Таня, Ванька и Баб-Ягун были довольны. Не так давно им удалось наложить на редечную скатерть столетний сглаз – такой капитальный, что от всех ее кушаний на сто метров несло помоями. Сарданапал некоторое время упорно утверждал, что редька хороша в любом виде, но брезгливая Зубодериха и Медузия изъяли скатерть из обихода и спрятали ее на сто лет, пока не истечет срок сглаза. Так что теперь их стол, как и прежде, участвовал в ежедневных битвах-лотереях за шоколадную, блинную, пончиковую и другие приличные скатерти.

Трудновоспитуемые ученики Тибидохса пили шоколад и с интересом поглядывали на преподавательский стол, где хозяева и гости уже пели русские народные песни. Особенно отличались Лукерья-в-голове-перья и Матрена Большая. Ей высоким грудным голосом вторила – вы не поверите! – сама Великая Зуби. Когда она пропела «Как бы мне, рябине, к дубу перебраться? Я б тогда не стала гнуться и качаться», на глаза у Поклеп Поклепыча навернулись слезы. Тема неразделенной любви была ему особенно близка.

А под конец пирушки произошло почти чудо. Профессор Клопп разошелся настолько, что сплясал тирольский танец и, вместо «Оп-ля!» крикнув «Сопляй!», прошелся по залу на руках.

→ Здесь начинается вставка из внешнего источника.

lemma nat_copsh_Xi_at_Pos:
  assumes C: "is_cat C" and X: "is_isbell C X"
    and a: "a \<in> Obj C" and x: "x \<in> PObj (Pos X) a"
  shows "nat_copsh C (Neg X) (yoneda_copsh C a) (Xi_at_Pos C X a x)"
  using isbell_Xi_hom[OF X a _ _ x] isbell_Xi_natural_Neg[OF X _ a _ x]
    isbell_PMap_Neg[OF X] cat_Dom_Cod_Obj[OF C]
  unfolding nat_copsh_def yoneda_copsh_def Xi_at_Pos_def by auto

lemma nat_psh_Xi_at_Neg:
  assumes C: "is_cat C" and X: "is_isbell C X"
    and b: "b \<in> Obj C" and y: "y \<in> PObj (Neg X) b"
  shows "nat_psh C (Pos X) (yoneda_psh C b) (Xi_at_Neg C X b y)"
  using isbell_Xi_hom[OF X _ b y] isbell_Xi_natural_Pos[OF X _ b y]
    isbell_PMap_Pos[OF X] cat_Dom_Cod_Obj[OF C]
  unfolding nat_psh_def yoneda_psh_def Xi_at_Neg_def by auto


lemma isb_hom_from_yoneda_Neg_eq:
  assumes C: "is_cat C" and a: "a \<in> Obj C"
    and f: "(fp, fm) \<in> isb_hom C (yoneda_isb C a) X"
  shows "fm = Xi_at_Pos C X a (fp a (Idm C a))"
proof (intro ext)
  fix b y
  have fm: "nat_copsh C (Neg X) (yoneda_copsh C a) fm"
    and compat: "\<And>b. b \<in> Obj C \<Longrightarrow> y \<in> PObj (Neg X) b \<Longrightarrow>
      Xi X a b y (fp a (Idm C a)) = Comp C (fm b y) (Idm C a)"
    using f cat_Idm_hom[OF C a] a unfolding isb_hom_def yoneda_isb_def yoneda_psh_def by auto
  show "fm b y = Xi_at_Pos C X a (fp a (Idm C a)) b y"
  proof (cases "b \<in> Obj C \<and> y \<in> PObj (Neg X) b")
    case True
    have "fm b y \<in> hom C a b"
      using nat_copsh_in_PObj[OF fm] True unfolding yoneda_copsh_def by auto
    then show ?thesis
      using True compat cat_comp_Idm_right[OF C] unfolding Xi_at_Pos_def by simp
  next
    case False
    then show ?thesis
      using fm unfolding nat_copsh_def Xi_at_Pos_def by auto
  qed
qed
lemma iterates_converge:
  assumes q: "contraction_weights q wt"
  obtains r t u s where "admissible r t u s"
    "\<And>k. close wt (d0 * q ^ k / (1 - q)) r t u s (Rk k) (Tk k) (Uk k) (Sk k)"
proof -
  have q01: "0 \<le> q" "q < 1" and wt: "0 \<le> wt" using q by (auto simp: contraction_weights_def)
  have steps: "norm (Rk (Suc k) x - Rk k x) \<le> d0 * q ^ k" "norm (Tk (Suc k) x - Tk k x) \<le> (wt * d0) * q ^ k"
    "norm (Uk (Suc k) x - Uk k x) \<le> d0 * q ^ k" "norm (Sk (Suc k) x - Sk k x) \<le> d0 * q ^ k"
    if "x \<in> Xc" for k x
    using close_iterate[OF q, of k] that by (auto simp: close_def norm_minus_commute mult_ac)
  have adm: "C11_flat Xc Xc Lr mu Br (Rk k)" "C11_flat Xc Xc Lt Nt Bt (Tk k)"
    "C11_flat Xc Xu Lu mu Bu (Uk k)" "C11_flat Xc Xs Ls mu Bs (Sk k)" for k
    using admissible_iterate[of k] by (simp_all add: admissible_def)
  note R = C11_flat_geometric_limit[OF subc clc adm(1) mu_bounds(2) steps(1) d0_nonneg q01]
  note T = C11_flat_geometric_limit[OF subc clc adm(2) Nt_nonneg steps(2) mult_nonneg_nonneg[OF wt d0_nonneg] q01]
  note U = C11_flat_geometric_limit[OF subc clu adm(3) mu_bounds(2) steps(3) d0_nonneg q01]
  note S = C11_flat_geometric_limit[OF subc cls adm(4) mu_bounds(2) steps(4) d0_nonneg q01]
  show thesis
  proof (rule that)
    show "admissible (\<lambda>x. lim (\<lambda>k. Rk k x)) (\<lambda>x. lim (\<lambda>k. Tk k x)) (\<lambda>x. lim (\<lambda>k. Uk k x)) (\<lambda>x. lim (\<lambda>k. Sk k x))"
      using R(1) T(1) U(1) S(1) by (simp add: admissible_def)
    show "close wt (d0 * q ^ k / (1 - q)) (\<lambda>x. lim (\<lambda>k. Rk k x)) (\<lambda>x. lim (\<lambda>k. Tk k x))
        (\<lambda>x. lim (\<lambda>k. Uk k x)) (\<lambda>x. lim (\<lambda>k. Sk k x)) (Rk k) (Tk k) (Uk k) (Sk k)" for k
      using R(2) T(2) U(2) S(2) by (simp add: close_def mult_ac)
  qed
qed

definition "is_fixed r t u s \<longleftrightarrow>
  (\<forall>x\<in>Xc. stepR r u s x = r x \<and> stepT r t x = t x \<and> stepU r u s x = u x \<and> stepS t u s x = s x)"

lemma fixed_point_exists:
  obtains r t u s where "admissible r t u s" "is_fixed r t u s"
proof -
  obtain q wt where q: "contraction_weights q wt" using contraction_weights_exist by blast
  have q01: "0 \<le> q" "q < 1" using q by (auto simp: contraction_weights_def)
  define c where "c k = d0 * q ^ k / (1 - q)" for k
  obtain r t u s where adm: "admissible r t u s" and cl: "\<And>k. close wt (c k) r t u s (Rk k) (Tk k) (Uk k) (Sk k)"
    using iterates_converge[OF q] unfolding c_def by metis
  have c0: "0 \<le> c k" for k using d0_nonneg q01 by (simp add: c_def)
  have "(\<lambda>k. d0 * q ^ k / (1 - q)) \<longlonglongrightarrow> d0 * 0 / (1 - q)"
    by (intro tendsto_intros LIMSEQ_power_zero) (use q01 in auto)
  then have c_lim: "c \<longlonglongrightarrow> 0" by (simp add: c_def[abs_def])
  then have wc_lim: "(\<lambda>k. wt * c k) \<longlonglongrightarrow> 0" by (rule tendsto_mult_right_zero)
  \<comment> \<open>The next iterate approximates both the limit and its image under the transform.\<close>
  have next_close: "close wt (q * c k) (stepR r u s) (stepT r t) (stepU r u s) (stepS t u s)
      (Rk (Suc k)) (Tk (Suc k)) (Uk (Suc k)) (Sk (Suc k))" for k
    using step_contraction[OF adm admissible_iterate cl c0 q] by (simp add: iterate_Suc)
  have "is_fixed r t u s"
    unfolding is_fixed_def
  proof (intro ballI conjI)
    fix x assume x: "x \<in> Xc"
    show "stepR r u s x = r x"
      by (rule eq_of_approximations[where F="\<lambda>k. Rk k x" and q=q and c=c])
         (use next_close cl x c_lim in \<open>auto simp: close_def\<close>)
    show "stepT r t x = t x"
      by (rule eq_of_approximations[where F="\<lambda>k. Tk k x" and q=q and c="\<lambda>k. wt * c k"])
         (use next_close cl x wc_lim in \<open>auto simp: close_def mult_ac\<close>)
    show "stepU r u s x = u x"
      by (rule eq_of_approximations[where F="\<lambda>k. Uk k x" and q=q and c=c])
         (use next_close cl x c_lim in \<open>auto simp: close_def\<close>)
    show "stepS t u s x = s x"
      by (rule eq_of_approximations[where F="\<lambda>k. Sk k x" and q=q and c=c])
         (use next_close cl x c_lim in \<open>auto simp: close_def\<close>)
  qed
  then show thesis using that adm by blast
qed

context
  fixes r t u s :: "'a \<Rightarrow> 'a"
  assumes adm: "admissible r t u s" and fixed: "is_fixed r t u s"
begin

private lemma C11_facts:
  obtains Dr Dt Du Ds
  where "C11 Xc Xc r Dr Lr mu" "C11 Xc Xc t Dt Lt Nt" "C11 Xc Xu u Du Lu mu" "C11 Xc Xs s Ds Ls mu"
  by (rule admissibleE[OF adm], rule that)

lemma fixed_right_inverse:
  assumes x: "x \<in> Xc"
  shows "A (Aci x + t x) + r (Aci x + t x) = x"
proof -
  obtain Dr Dt Du Ds where Cr: "C11 Xc Xc r Dr Lr mu" and Ct: "C11 Xc Xc t Dt Lt Nt" by (rule C11_facts)
  define p where "p = Aci x + t x"
  have tx: "t x = - Aci (r p)" using fixed x by (simp add: is_fixed_def stepT_def p_def)
  have rp: "r p \<in> Xc" using C11D(1)[OF Cr Aci_plus_in[OF Ct x]] by (simp add: p_def)
  have "A p = A (Aci x) + A (t x)" unfolding p_def by (rule A.add)
  also have "\<dots> = x - r p" by (simp add: Aci(2)[OF x] tx A.neg Aci(2)[OF rp])
  finally show ?thesis by (simp add: p_def)
qed

lemma fixed_injective:
  assumes a: "a \<in> Xc" and b: "b \<in> Xc" and eq: "A a + r a = A b + r b"
  shows "a = b"
proof -
  obtain Dr Dt Du Ds where Cr: "C11 Xc Xc r Dr Lr mu" by (rule C11_facts)
  have ab: "a - b \<in> Xc" and rab: "r b - r a \<in> Xc" using a b C11D(1)[OF Cr] subc by (simp_all add: subspace_diff)
  have "A (a - b) = r b - r a" using eq by (simp add: A.diff algebra_simps)
  then have "a - b = Aci (r b - r a)" using Aci(3)[OF ab] by simp
  then have "norm (a - b) \<le> aci * norm (r b - r a)" using Aci_bound[OF rab] by simp
  also have "\<dots> \<le> aci * (Lr * norm (a - b))"
    using C11D(5)[OF Cr a b] aci_nonneg by (simp add: mult_left_mono norm_minus_commute)
  finally have "(1 - aci * Lr) * norm (a - b) \<le> 0" by (simp add: algebra_simps)
  moreover have "aci * Lr < 1" using S2_bounds(2) by (simp add: mult.commute)
  ultimately show ?thesis by (simp add: mult_le_0_iff)
qed

lemma fixed_left_inverse:
  assumes x: "x \<in> Xc"
  shows "Aci (A x + r x) + t (A x + r x) = x"
proof -
  obtain Dr Dt Du Ds where Cr: "C11 Xc Xc r Dr Lr mu" and Ct: "C11 Xc Xc t Dt Lt Nt" by (rule C11_facts)
  show ?thesis
    using fixed_injective[OF Aci_plus_in[OF Ct A_plus_in[OF Cr x]] x fixed_right_inverse[OF A_plus_in[OF Cr x]]] .
qed

lemma fixed_bij: "bij_betw (\<lambda>x. A x + r x) Xc Xc"
proof -
  obtain Dr Dt Du Ds where Cr: "C11 Xc Xc r Dr Lr mu" and Ct: "C11 Xc Xc t Dt Lt Nt" by (rule C11_facts)
  have "inj_on (\<lambda>x. A x + r x) Xc" by (rule inj_onI) (rule fixed_injective)
  moreover have "(\<lambda>x. A x + r x) ` Xc = Xc"
  proof
    show "(\<lambda>x. A x + r x) ` Xc \<subseteq> Xc" by (rule image_subsetI) (rule A_plus_in[OF Cr])
    show "Xc \<subseteq> (\<lambda>x. A x + r x) ` Xc"
    proof
      fix x assume "x \<in> Xc"
      show "x \<in> (\<lambda>x. A x + r x) ` Xc"
        by (rule image_eqI[where f="\<lambda>x. A x + r x", OF fixed_right_inverse[OF \<open>x \<in> Xc\<close>, symmetric]
              Aci_plus_in[OF Ct \<open>x \<in> Xc\<close>]])
    qed
  qed
  ultimately show ?thesis by (simp add: bij_betw_def)
qed

lemma fixed_conjugacy:
  assumes x: "x \<in> Xc"
  shows "A (K u s x) + g (K u s x) = K u s (A x + r x)"
proof -
  obtain Dr Dt Du Ds where Cr: "C11 Xc Xc r Dr Lr mu" and Cu: "C11 Xc Xu u Du Lu mu" by (rule C11_facts)
  define y where "y = A x + r x"
  define gk where "gk = g (K u s x)"
  have y: "y \<in> Xc" using A_plus_in[OF Cr x] by (simp add: y_def)
  \<comment> \<open>The three fixed-point equations are the three components of the conjugacy.\<close>
  have R: "r x = A (kc x) + pc gk - kc y" using fixed x by (simp add: is_fixed_def stepR_def gk_def y_def)
  have U: "A (u x) = u y - pu gk"
  proof -
    have "u x = Aui (u y - pu gk)" using fixed x by (simp add: is_fixed_def stepU_def gk_def y_def)
    moreover have "u y - pu gk \<in> Xu" using C11D(1)[OF Cu y] pu_in subu by (simp add: subspace_diff)
    ultimately show ?thesis using Aui(2) by simp
  qed
  have S: "s y = A (s x) + ps gk"
  proof -
    have "stepS t u s y = s y" using fixed y by (simp add: is_fixed_def)
    then show ?thesis using fixed_left_inverse[OF x] by (simp add: stepS_def gk_def y_def)
  qed
  have "A (K u s x) + g (K u s x) = A x + A (kc x) + A (u x) + A (s x) + (pc gk + pu gk + ps gk)"
    unfolding p_sum gk_def K_def by (simp add: A.add)
  also have "\<dots> = (A x + r x + kc y) + (A (u x) + pu gk) + (A (s x) + ps gk)"
    using R by (simp add: algebra_simps)
  also have "\<dots> = K u s y" using U S by (simp add: K_def y_def)
  finally show ?thesis by (simp add: y_def)
qed

end

end

lemma (in cm_setting) C1_center_manifold:
  assumes \<epsilon>: "0 \<le> \<epsilon>"
    and g: "Ckb n UNIV UNIV g Dg" "g 0 = 0" "\<forall>v. Dg 1 0 [v] = 0" "\<forall>y. ml_bound UNIV 1 (Dg 1 y) Lg"
      "\<forall>y. ml_bound UNIV 2 (Dg 2 y) \<epsilon>"
    and kc: "Ckb n Xc Xc kc Dkc" "kc 0 = 0" "\<forall>v\<in>Xc. Dkc 1 0 [v] = 0" "\<forall>y\<in>Xc. ml_bound Xc 1 (Dkc 1 y) Lc"
      "\<forall>y\<in>Xc. ml_bound Xc 2 (Dkc 2 y) \<epsilon>"
  shows "\<exists>r Dr ku Dku ks Dks t Dt.
    Ckb 1 Xc Xc r Dr \<and> Ckb 1 Xc Xu ku Dku \<and> Ckb 1 Xc Xs ks Dks \<and> Ckb 1 Xc Xc t Dt \<and>
    (\<forall>x\<in>Xc. A (x + kc x + ku x + ks x) + g (x + kc x + ku x + ks x) =
       A x + r x + kc (A x + r x) + ku (A x + r x) + ks (A x + r x)) \<and>
    bij_betw (\<lambda>x. A x + r x) Xc Xc \<and>
    (\<forall>x\<in>Xc. A (Aci x + t x) + r (Aci x + t x) = x \<and> Aci (A x + r x) + t (A x + r x) = x) \<and>
    r 0 = 0 \<and> t 0 = 0 \<and> ku 0 = 0 \<and> ks 0 = 0 \<and>
    (\<forall>v\<in>Xc. Dr 1 0 [v] = 0 \<and> Dt 1 0 [v] = 0 \<and> Dku 1 0 [v] = 0 \<and> Dks 1 0 [v] = 0) \<and>
    (\<forall>y\<in>Xc. ml_bound Xc 1 (Dr 1 y) Lr \<and> ml_bound Xc 1 (Dt 1 y) Lt \<and>
       ml_bound Xc 1 (Dku 1 y) Lu \<and> ml_bound Xc 1 (Dks 1 y) Ls) \<and>
    (\<lambda>x. A x + g x) ` (\<lambda>x. x + kc x + ku x + ks x) ` Xc \<subseteq> (\<lambda>x. x + kc x + ku x + ks x) ` Xc"
proof -
  have gC: "C11 UNIV UNIV g (\<lambda>y h. Dg 1 y [h]) Lg \<epsilon>"
    using Ckb2_imp_C11[OF subspace_UNIV contractive_projection_id g(1) n2 Lg0 _ \<epsilon>] g(4,5) by simp
  have kC: "C11 Xc Xc kc (\<lambda>y h. Dkc 1 y [h]) Lc \<epsilon>"
    using Ckb2_imp_C11[OF subc pc_projection kc(1) n2 Lc0 _ \<epsilon>] kc(4,5) by simp
  obtain Bg Bk where "\<forall>x\<in>UNIV. norm (g x) \<le> Bg" "\<forall>x\<in>Xc. norm (kc x) \<le> Bk"
    using Ckb_bounded[OF g(1)] Ckb_bounded[OF kc(1)] by metis
  then interpret D: cm_data A Xc Xu Xs n Lg Lc g "\<lambda>y h. Dg 1 y [h]" kc "\<lambda>y h. Dkc 1 y [h]" \<epsilon> \<epsilon> Bg Bk
    by unfold_locales (use gC kC g kc \<epsilon> in auto)
  obtain r t u s where adm: "D.admissible r t u s" and fixed: "D.is_fixed r t u s"
    by (rule D.fixed_point_exists)
  obtain Dr Dt Du Ds where Cr: "C11 Xc Xc r Dr Lr D.mu" and Ct: "C11 Xc Xc t Dt Lt D.Nt"
    and Cu: "C11 Xc Xu u Du Lu D.mu" and Cs: "C11 Xc Xs s Ds Ls D.mu"
    and D0: "\<And>h. h \<in> Xc \<Longrightarrow> Dr 0 h = 0 \<and> Dt 0 h = 0 \<and> Du 0 h = 0 \<and> Ds 0 h = 0"
    and zero: "r 0 = 0" "t 0 = 0" "u 0 = 0" "s 0 = 0"
    and bounded: "\<And>x. x \<in> Xc \<Longrightarrow> norm (r x) \<le> D.Br \<and> norm (t x) \<le> D.Bt \<and> norm (u x) \<le> D.Bu \<and> norm (s x) \<le> D.Bs"
    by (rule D.admissibleE[OF adm], rule that)
  have conj: "A (x + kc x + u x + s x) + g (x + kc x + u x + s x) =
      A x + r x + kc (A x + r x) + u (A x + r x) + s (A x + r x)" if "x \<in> Xc" for x
    using D.fixed_conjugacy[OF adm fixed that] by (simp add: D.K_def)
  show ?thesis
  proof (rule exI[of _ r], rule exI[of _ "jet1 r Dr"], rule exI[of _ u], rule exI[of _ "jet1 u Du"],
      rule exI[of _ s], rule exI[of _ "jet1 s Ds"], rule exI[of _ t], rule exI[of _ "jet1 t Dt"],
      intro conjI ballI)
    show "Ckb 1 Xc Xc r (jet1 r Dr)" "Ckb 1 Xc Xu u (jet1 u Du)" "Ckb 1 Xc Xs s (jet1 s Ds)"
      "Ckb 1 Xc Xc t (jet1 t Dt)"
      using C11_imp_Ckb1[OF subc Cr D.mu_bounds(2)] C11_imp_Ckb1[OF subc Cu D.mu_bounds(2)]
        C11_imp_Ckb1[OF subc Cs D.mu_bounds(2)] C11_imp_Ckb1[OF subc Ct D.Nt_nonneg] bounded by blast+
    show "bij_betw (\<lambda>x. A x + r x) Xc Xc" using D.fixed_bij[OF adm fixed] .
    show "r 0 = 0" "t 0 = 0" "u 0 = 0" "s 0 = 0" by (fact zero)+
    show "(\<lambda>x. A x + g x) ` (\<lambda>x. x + kc x + u x + s x) ` Xc \<subseteq> (\<lambda>x. x + kc x + u x + s x) ` Xc"
      using conj D.A_plus_in[OF Cr] by (auto intro!: image_eqI)
    fix x assume x: "x \<in> Xc"
    show "A (x + kc x + u x + s x) + g (x + kc x + u x + s x) =
        A x + r x + kc (A x + r x) + u (A x + r x) + s (A x + r x)" using conj[OF x] .
    show "A (Aci x + t x) + r (Aci x + t x) = x" "Aci (A x + r x) + t (A x + r x) = x"
      using D.fixed_right_inverse[OF adm fixed x] D.fixed_left_inverse[OF adm fixed x] by simp_all
    show "jet1 r Dr 1 0 [x] = 0" "jet1 t Dt 1 0 [x] = 0" "jet1 u Du 1 0 [x] = 0" "jet1 s Ds 1 0 [x] = 0"
      using D0[OF x] by (simp_all add: jet1_def)
    show "ml_bound Xc 1 (jet1 r Dr 1 x) Lr" "ml_bound Xc 1 (jet1 t Dt 1 x) Lt"
      "ml_bound Xc 1 (jet1 u Du 1 x) Lu" "ml_bound Xc 1 (jet1 s Ds 1 x) Ls"
      using C11D(4)[OF Cr x] C11D(4)[OF Ct x] C11D(4)[OF Cu x] C11D(4)[OF Cs x]
      by (simp_all add: jet1_def ml_bound_1)
  qed
qed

Ученики были поражены. Лучше всех общую мысль выразила Рита Шито-Крыто. Вначале она долго вглядывалась в преподавателей, а затем, недоверчиво покачивая головой, произнесла:

– Да, преподы тоже люди! Кто бы мог подумать?

Баб-Ягун тронул Таню за плечо.

– Тань, тебя вон с того стола зовут! – сказал он.

– Меня? Кто? – удивилась Таня.

Она подняла голову и увидела, что ее манит к себе Лукерья-в-голове-перья. Она встала и, на всякий случай улыбаясь, подошла к старухе.

– Ишь ты, смуглая какая! Феофил Гроттер-то не твой ли будет дед? – спросила Лукерья.

– Мой.

– Как же, знавала я старика… Всем молодцам был молодец, да только вот характер был треснуть какой паршивый!

– Faber est suae quisque fortunae![1] – полыхнув искрой, сказало кольцо.

Лукерья-в-голове-перья расхохоталась. Единственный желтый зуб запрыгал у нее во рту, оказываясь в самых невероятных местах: то сверху, то снизу, то вовсе пропадая где-то под крючковатым носом.

– Узнаю милого по походке, а старого скрипуна по перстеньку да по латыни… – сказала старуха. – Так, значит, ты Таня? Наслышана я о твоих подвигах. Учиться-то успеваешь?

– Успеваю, – кивнула Таня.

Ее всегда ужасно раздражали вопросы про учебу. И не потому, что она училась плохо. Как раз совсем неплохо. Просто в этом вопросе была какая-то дежурность. Тане казалось, его задают от незнания, что еще можно спросить у подростка, и ответ на него забывают через пять минут. Она обещала себе, что, когда ее совсем достанут, она тоже будет спрашивать у взрослых: «Работать успеваете?» – «Да!» – «Продолжайте в том же боевом духе!»

– Без родителей-то тяжко, чай? – спросила Лукерья.

– Лучше не бывает! – с вызовом сказала Таня.

Быть сиротой вдвойне тяжело. Мало того что ты лишен самых близких тебе людей, еще и вынужден отвечать на идиотские вопросы и выслушивать притворные сочувствия.

Старуха проницательно взглянула на нее.

– Ишь ты, гордая! Оно и верно, нечего перед всяким душу открывать. Только ты ее откроешь, душу свою, а тебе туды – раз и тьфу! Обидно! Уж я-то знаю, об чем говорю, – одобрительно сказала Лукерья.

Она вытащила деревянную табакерку с портретом какого-то старика (на миг у Тани мелькнула мысль: а вдруг это Древнир?) и открыла ее. Из табакерки выскочил крошечный черный кот и, на бегу увеличиваясь, помчался дразнить Сарданапалова золотого сфинкса, который был слишком велик и под стол никак не пролезал.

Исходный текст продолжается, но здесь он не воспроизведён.